**WHAT THE TASK ASKS**
Only the lines from the top of the data through the line with "fix k assume" should be repeated, each exactly as written.

**SUPPLIED RECORDS**
· · · · · · ·

text \<open>By \<open>evalf_pencil\<close>, \<open>f(P + s(\<alpha>P + \<beta>w))\<close> is divisible by \<open>s\<^sup>4\<close> once the first four
  coefficients of \<open>f(P + sw)\<close> vanish.\<close>
lemma tform3_eq_0_on_pencil:
  fixes c :: "(nat \<Rightarrow> nat) \<Rightarrow> 'a::field"
  assumes inf: "infinite (UNIV :: 'a set)" and "3 \<le> d"
    and order4: "\<And>j. j \<le> 3 \<Longrightarrow> coeff (taylor_poly n d c P w) j = 0"
  shows "tform n d 3 c P (\<lambda>i. \<alpha> * P i + \<beta> * w i) = 0"
proof -
  define R where "R = (\<Sum>k\<in>{4..d}.
    smult (coeff (taylor_poly n d c P w) k * \<beta> ^ k) ([:1, \<alpha>:] ^ (d - k) * [:0, 1:] ^ (k - 4)))"
  have "pCons 0 (pCons 0 (pCons 0 (pCons 0 R))) = taylor_poly n d c P (\<lambda>i. \<alpha> * P i + \<beta> * w i)"
  proof (rule taylor_poly_unique[OF inf, of "{s. poly [:1, \<alpha>:] s = 0}"])
    show "finite {s. poly [:1, \<alpha>:] s = 0}" by (rule poly_roots_finite) simp
  next
    fix s assume "s \<notin> {s. poly [:1, \<alpha>:] s = 0}"
    hence a: "1 + s * \<alpha> \<noteq> 0" by (simp add: mult.commute)
    have "evalf n d c (\<lambda>i. P i + s * (\<alpha> * P i + \<beta> * w i)) =
        (\<Sum>k\<in>{4..d}. coeff (taylor_poly n d c P w) k * (1 + s * \<alpha>) ^ (d - k) * (s * \<beta>) ^ k)"
      unfolding evalf_pencil[OF a] by (rule sum.mono_neutral_right) (auto simp: order4)
    also have "\<dots> = s ^ 4 * poly R s"
      unfolding R_def poly_sum sum_distrib_left
    proof (intro sum.cong refl)
      fix k assume "k \<in> {4..d}"
      hence "s ^ k = s ^ 4 * s ^ (k - 4)" by (simp flip: power_add)
      thus "coeff (taylor_poly n d c P w) k * (1 + s * \<alpha>) ^ (d - k) * (s * \<beta>) ^ k =
          s ^ 4 * poly (smult (coeff (taylor_poly n d c P w) k * \<beta> ^ k)
            ([:1, \<alpha>:] ^ (d - k) * [:0, 1:] ^ (k - 4))) s"
        by (simp add: power_mult_distrib mult_ac)
    qed
    finally show "poly (pCons 0 (pCons 0 (pCons 0 (pCons 0 R)))) s =
        evalf n d c (\<lambda>i. P i + s * (\<alpha> * P i + \<beta> * w i))"
      by (simp add: eval_nat_numeral mult_ac)
  qed
  thus ?thesis
    using \<open>3 \<le> d\<close> by (simp add: tform_eq_coeff_taylor_poly eval_nat_numeral flip: \<open>pCons 0 _ = _\<close>)
qed

lemma coeff_taylor_poly_residual_flex:
  fixes c :: "(nat \<Rightarrow> nat) \<Rightarrow> 'a::field"
  assumes "infinite (UNIV :: 'a set)" "3 \<le> d" "(2::'a) \<noteq> 0"
    and "\<And>x. evalf n d c (plane_pt A B C x) = x 2 * evalf 3 (d - 1) h x" "Q 2 = 0"
    and "evalf 3 (d - 1) h Q = 0" "tform 3 (d - 1) 1 h Q v = 0" "tform 3 (d - 1) 2 h Q v = 0"
    and "j \<le> 3"
  shows "coeff (taylor_poly n d c (plane_pt A B C Q) (plane_pt A B C v)) j = 0"
proof -
  have "taylor_poly n d c (plane_pt A B C Q) (plane_pt A B C v) =
      smult (v 2) (pCons 0 (taylor_poly 3 (d - 1) h Q v))"
    by (rule taylor_poly_residual) (use assms in auto)
  moreover have "coeff (taylor_poly 3 (d - 1) h Q v) i = 0" if "i \<le> 2" for i
  proof -
    have "tform 3 (d - 1) i h Q v = 0" "(of_nat (fact i) :: 'a) \<noteq> 0"
      using that assms(3,6-8) by (auto simp: le_Suc_eq numeral_2_eq_2 tform_zero)
    thus ?thesis using that assms(2) by (simp add: tform_eq_coeff_taylor_poly)
  qed
  ultimately show ?thesis using assms(9) by (cases j) auto
qed

lemma tform3_eq_0_in_residual_plane:
  fixes c :: "(nat \<Rightarrow> nat) \<Rightarrow> 'a::field"
  assumes inf: "infinite (UNIV :: 'a set)" and "3 \<le> d" and two: "(2::'a) \<noteq> 0"
    and res: "\<And>x. evalf n d c (plane_pt A B C x) = x 2 * evalf 3 (d - 1) h x"
    and "Q 2 = 0" and flex: "inflection_pt (d - 1) h Q"
    and smooth: "tform 3 (d - 1) 1 h Q w \<noteq> 0"
    and t2: "tform n d 2 c (plane_pt A B C Q) (plane_pt A B C y) = 0"
  shows "tform n d 3 c (plane_pt A B C Q) (plane_pt A B C y) = 0"
proof (cases "y 2 = 0")
  case True
  have "evalf n d c (\<lambda>i. plane_pt A B C Q i + s * plane_pt A B C y i) = 0" for s
  proof -
    have "(\<lambda>i. plane_pt A B C Q i + s * plane_pt A B C y i) = plane_pt A B C (\<lambda>i. Q i + s * y i)"
      by (simp add: plane_pt_def fun_eq_iff algebra_simps)
    thus ?thesis using True \<open>Q 2 = 0\<close> by (simp add: res)
  qed
  thus ?thesis using inf \<open>3 \<le> d\<close> by (intro tform_eq_0_if_vanishes_on_line) auto
next
  case False
  from flex obtain v where hQ: "evalf 3 (d - 1) h Q = 0" and v: "indep2 3 Q v"
    "tform 3 (d - 1) 1 h Q v = 0" "tform 3 (d - 1) 2 h Q v = 0"
    unfolding inflection_pt_def by blast
  have "tform n d (Suc 1) c (plane_pt A B C Q) (plane_pt A B C y) =
      of_nat (Suc 1) * y 2 * tform 3 (d - 1) 1 h Q y"
    by (rule tform_residual) (use assms in auto)
  hence "tform 3 (d - 1) 1 h Q y = 0" using t2 False two by (simp add: numeral_2_eq_2)
  moreover have "tform 3 (d - 1) 1 h Q Q = 0" using tform_self_eq_0[OF inf hQ] \<open>3 \<le> d\<close> by simp
  ultimately obtain \<alpha> \<beta> where "\<And>i. i < 3 \<Longrightarrow> y i = \<alpha> * Q i + \<beta> * v i"
    using tangent_line_in_span[OF smooth v(1)] v(2) by metis
  hence "plane_pt A B C y = (\<lambda>i. \<alpha> * plane_pt A B C Q i + \<beta> * plane_pt A B C v i)"
    by (simp add: plane_pt_def fun_eq_iff algebra_simps)
  moreover have "tform n d 3 c (plane_pt A B C Q) (\<lambda>i. \<alpha> * plane_pt A B C Q i + \<beta> * plane_pt A B C v i) = 0"
    using coeff_taylor_poly_residual_flex[OF inf \<open>3 \<le> d\<close> two res \<open>Q 2 = 0\<close> hQ v(2,3)]
    by (rule tform3_eq_0_on_pencil[OF inf \<open>3 \<le> d\<close>])
  ultimately show ?thesis by simp
qed

lemma tform_eq_0_along_line:
  fixes c :: "(nat \<Rightarrow> nat) \<Rightarrow> 'a::field"
  assumes "infinite (UNIV :: 'a set)" "line_on d c A B" "j \<le> d"
    and "\<And>i. i < 4 \<Longrightarrow> y i = a * A i + b * B i"
  shows "tform 4 d j c (\<lambda>i. s0 * A i + t0 * B i) y = 0"
proof (rule tform_eq_0_if_vanishes_on_line[OF assms(1) _ assms(3)])
  fix s
  have "evalf 4 d c (\<lambda>i. s0 * A i + t0 * B i + s * y i) =
      evalf 4 d c (\<lambda>i. (s0 + s * a) * A i + (t0 + s * b) * B i)"
    by (rule evalf_cong) (simp add: assms(4) algebra_simps)
  thus "evalf 4 d c (\<lambda>i. s0 * A i + t0 * B i + s * y i) = 0"
    using assms(2) by (simp add: line_on_def)
qed

lemma nonzero_vec_on_line:
  assumes "indep2 n A B" "(s, t) \<noteq> (0, 0)"
  shows "nonzero_vec n (\<lambda>i. s * A i + t * B i)"
proof (rule ccontr)
  assume "\<not> nonzero_vec n (\<lambda>i. s * A i + t * B i)"
  hence "\<forall>i<n. s * A i + t * B i = 0" by (simp add: nonzero_vec_def)
  with assms show False unfolding indep2_def by blast
qed

lemma indep3_if_tform_neq_0:
  fixes c :: "(nat \<Rightarrow> nat) \<Rightarrow> 'a::field"
  assumes inf: "infinite (UNIV :: 'a set)" and line: "line_on d c A B" and "j \<le> d"
    and tj: "tform 4 d j c (\<lambda>i. s0 * A i + t0 * B i) C \<noteq> 0"
  shows "indep3 4 A B C"
  unfolding indep3_def
proof (intro allI impI)
  fix a b e assume rel: "\<forall>i<4. a * A i + b * B i + e * C i = 0"
  have "e = 0"
  proof (rule ccontr)
    assume "e \<noteq> 0"
    have "C i = (- a / e) * A i + (- b / e) * B i" if "i < 4" for i
    proof -
      have "(a * A i + b * B i) + e * C i = 0" using rel that by blast
      hence "e * C i = - (a * A i + b * B i)" by (metis add.commute eq_neg_iff_add_eq_0)
      hence "C i = inverse e * - (a * A i + b * B i)" using \<open>e \<noteq> 0\<close> by (simp add: field_simps)
      thus ?thesis by (simp add: divide_inverse algebra_simps)
    qed
    hence "tform 4 d j c (\<lambda>i. s0 * A i + t0 * B i) C = 0"
      by (intro tform_eq_0_along_line[OF inf line \<open>j \<le> d\<close>, where a = "- a / e" and b = "- b / e"])
    with tj show False by contradiction
  qed
  with rel have "\<forall>i<4. a * A i + b * B i = 0" by simp
  with line \<open>e = 0\<close> show "a = 0 \<and> b = 0 \<and> e = 0" unfolding line_on_def indep2_def by blast
qed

· · · · · · ·

**COMPLETED EXERCISE**
text \<open>By \<open>evalf_pencil\<close>, \<open>f(P + s(\<alpha>P + \<beta>w))\<close> is divisible by \<open>s\<^sup>4\<close> once the first four
  coefficients of \<open>f(P + sw)\<close> vanish.\<close>
lemma tform3_eq_0_on_pencil:
  fixes c :: "(nat \<Rightarrow> nat) \<Rightarrow> 'a::field"
  assumes inf: "infinite (UNIV :: 'a set)" and "3 \<le> d"
    and order4: "\<And>j. j \<le> 3 \<Longrightarrow> coeff (taylor_poly n d c P w) j = 0"
  shows "tform n d 3 c P (\<lambda>i. \<alpha> * P i + \<beta> * w i) = 0"
proof -
  define R where "R = (\<Sum>k\<in>{4..d}.
    smult (coeff (taylor_poly n d c P w) k * \<beta> ^ k) ([:1, \<alpha>:] ^ (d - k) * [:0, 1:] ^ (k - 4)))"
  have "pCons 0 (pCons 0 (pCons 0 (pCons 0 R))) = taylor_poly n d c P (\<lambda>i. \<alpha> * P i + \<beta> * w i)"
  proof (rule taylor_poly_unique[OF inf, of "{s. poly [:1, \<alpha>:] s = 0}"])
    show "finite {s. poly [:1, \<alpha>:] s = 0}" by (rule poly_roots_finite) simp
  next
    fix s assume "s \<notin> {s. poly [:1, \<alpha>:] s = 0}"
    hence a: "1 + s * \<alpha> \<noteq> 0" by (simp add: mult.commute)
    have "evalf n d c (\<lambda>i. P i + s * (\<alpha> * P i + \<beta> * w i)) =
        (\<Sum>k\<in>{4..d}. coeff (taylor_poly n d c P w) k * (1 + s * \<alpha>) ^ (d - k) * (s * \<beta>) ^ k)"
      unfolding evalf_pencil[OF a] by (rule sum.mono_neutral_right) (auto simp: order4)
    also have "\<dots> = s ^ 4 * poly R s"
      unfolding R_def poly_sum sum_distrib_left
    proof (intro sum.cong refl)
      fix k assume "k \<in> {4..d}"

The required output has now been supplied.